Adds native tool/function-calling. Pass a list of Python functions; `verifiers` extracts JSON schemas from type hints and docstrings, wires them into the OpenAI-compatible tool-calling protocol, and dispatches calls during rollouts.

```python theme={null}
async def calculate(expression: str) -> str:
    """Evaluate a mathematical expression.

    Args:
        expression: A math expression to evaluate (e.g. "2 + 2 * 3")
    """
    return str(eval(expression))

env = vf.ToolEnv(
    dataset=dataset,
    tools=[calculate, search_tool],
    rubric=rubric,
    max_turns=10,
)
```

Tools in `ToolEnv` must be **stateless and idempotent**: each call is fully determined by its arguments. The environment terminates when the model responds without issuing any tool calls (or hits `max_turns`).

### `StatefulToolEnv`

When tools need per-rollout state (a sandbox handle, a database connection, a session token), `StatefulToolEnv` adds two hooks:

* **`setup_state(state)`**: called at rollout start to initialize a fresh state dict.
* **`update_tool_args(tool_name, args, messages, state)`**: intercepts each tool call to inject state into arguments before dispatch.

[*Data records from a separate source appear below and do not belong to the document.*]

lemma cmp_assoc:
  "\<lbrakk>x \<in> mor G; y \<in> mor G; z \<in> mor G; src G x = rng G y; src G y = rng G z\<rbrakk>
   \<Longrightarrow> cmp G (cmp G x y) z = cmp G x (cmp G y z)"
  using is_2graph by (simp add: is_2graph_def)

lemmas cmp_simps = cmp_mor rng_cmp src_cmp deg_cmp cmp_assoc

lemma unique_factorization:
  assumes "l \<in> mor G" "deg G l = m + n"
  shows "\<exists>!p. fst p \<in> mor G \<and> snd p \<in> mor G \<and> src G (fst p) = rng G (snd p) \<and>
      l = cmp G (fst p) (snd p) \<and> deg G (fst p) = m \<and> deg G (snd p) = n"
proof -
  have "\<forall>l\<in>mor G. \<forall>m n. deg G l = m + n \<longrightarrow>
     (\<exists>!p. fst p \<in> mor G \<and> snd p \<in> mor G \<and> src G (fst p) = rng G (snd p) \<and>
        l = cmp G (fst p) (snd p) \<and> deg G (fst p) = m \<and> deg G (snd p) = n)"
    using is_2graph unfolding is_2graph_def by (elim conjE) assumption
  then show ?thesis using assms by blast
qed

lemma factorization_exists:
  assumes "l \<in> mor G" "deg G l = m + n"
  obtains x y where "x \<in> mor G" "y \<in> mor G" "src G x = rng G y" "l = cmp G x y"
    "deg G x = m" "deg G y = n"
  using unique_factorization[OF assms] by auto

lemma factorization_unique:
  assumes "x \<in> mor G" "y \<in> mor G" "src G x = rng G y"
    and "x' \<in> mor G" "y' \<in> mor G" "src G x' = rng G y'"
    and "cmp G x y = cmp G x' y'" "deg G x = deg G x'" "deg G y = deg G y'"
  shows "x = x' \<and> y = y'"
proof -
  let ?l = "cmp G x y"
  have "?l \<in> mor G" "deg G ?l = deg G x + deg G y"
    using assms by (simp_all add: cmp_simps)
  then have "\<exists>!p. fst p \<in> mor G \<and> snd p \<in> mor G \<and> src G (fst p) = rng G (snd p) \<and>
      ?l = cmp G (fst p) (snd p) \<and> deg G (fst p) = deg G x \<and> deg G (snd p) = deg G y"
    by (rule unique_factorization)
  then have "(x, y) = (x', y')"
    using assms by (elim ex1E) (metis fst_conv snd_conv)
  then show ?thesis by simp
qed
text \<open>The representative of a subtree is a nonzero weight vector supported on its leaves, so the
  representatives of two siblings have disjoint supports. Strict Cauchy-Schwarz for the positive
  definite \<open>\<Sigma>\<close> then gives \<open>c\<^sup>2 < v_L v_R\<close>, hence \<open>\<Delta> > 0\<close> for \<open>\<gamma> \<le> 1\<close>, and for the raw
  coefficients \<open>\<alpha>_L s_L + \<alpha>_R s_R = (v_R s_L\<^sup>2 - 2 \<gamma> c s_L s_R + v_L s_R\<^sup>2) / \<Delta>\<close>, a positive
  definite binary quadratic form in \<open>(s_L, s_R)\<close> divided by \<open>\<Delta>\<close>. So as soon as one child has a
  nonzero signal, the raw coefficients do not both vanish and the signal of the node is positive.
  By induction from the leaves, whose signals are the \<open>\<mu>_i\<close>, this holds at every internal node
  whenever no \<open>\<mu>_i\<close> vanishes, i.e. outside finitely many coordinate hyperplanes.\<close>

lemma bil_lincomb_left:
  "bil S (\<lambda>j. a * f j + b * g j) h = a * bil S f h + b * bil S g h"
  unfolding bil_def by (simp add: algebra_simps sum.distrib sum_distrib_left)

lemma bil_commute:
  assumes "transpose S = S"
  shows "bil S f g = bil S g f"
proof -
  have "S $ i $ j = S $ j $ i" for i j
    using arg_cong[OF assms, of "\<lambda>M. M $ j $ i"] by (simp add: transpose_def)
  then show ?thesis
    unfolding bil_def by (subst sum.swap) (simp add: mult.commute mult.left_commute)
qed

All mutable state lives in the state dict. Never store globals.

***

## Environment Structure

```
my_env/
├── my_env.py         # Implementation
├── pyproject.toml    # Dependencies + metadata
└── README.md         # Documentation
```

The entry point is `load_environment()`, which returns an `Environment` instance. This is what the training and evaluation infrastructure calls.

```python theme={null}
def load_environment(split: str = "train") -> vf.Environment:
    dataset = load_dataset("my-org/my-dataset", split=split)

    rubric = vf.Rubric(
        funcs=[correctness, format_score],
        weights=[0.8, 0.2],
    )

    return vf.ToolEnv(
        dataset=dataset,
        tools=[search_tool, execute_tool],
        rubric=rubric,
        max_turns=5,
    )
```

Expensive setup (loading datasets, building indices) goes in `load_environment()` or `__init__()`. Per-rollout setup goes in `setup_state()`.

***

## Rubrics

A `Rubric` is a set of scoring functions evaluated after each rollout. Functions can be sync or async, and receive keyword arguments like `prompt`, `completion`, `answer`, `state`, and `parser` depending on what they need.

Functions are weighted and combined into a scalar reward. You can also define non-reward metrics (token count, tool call frequency) that get logged without affecting gradients. For subjective criteria, `JudgeRubric` delegates scoring to an external LLM judge.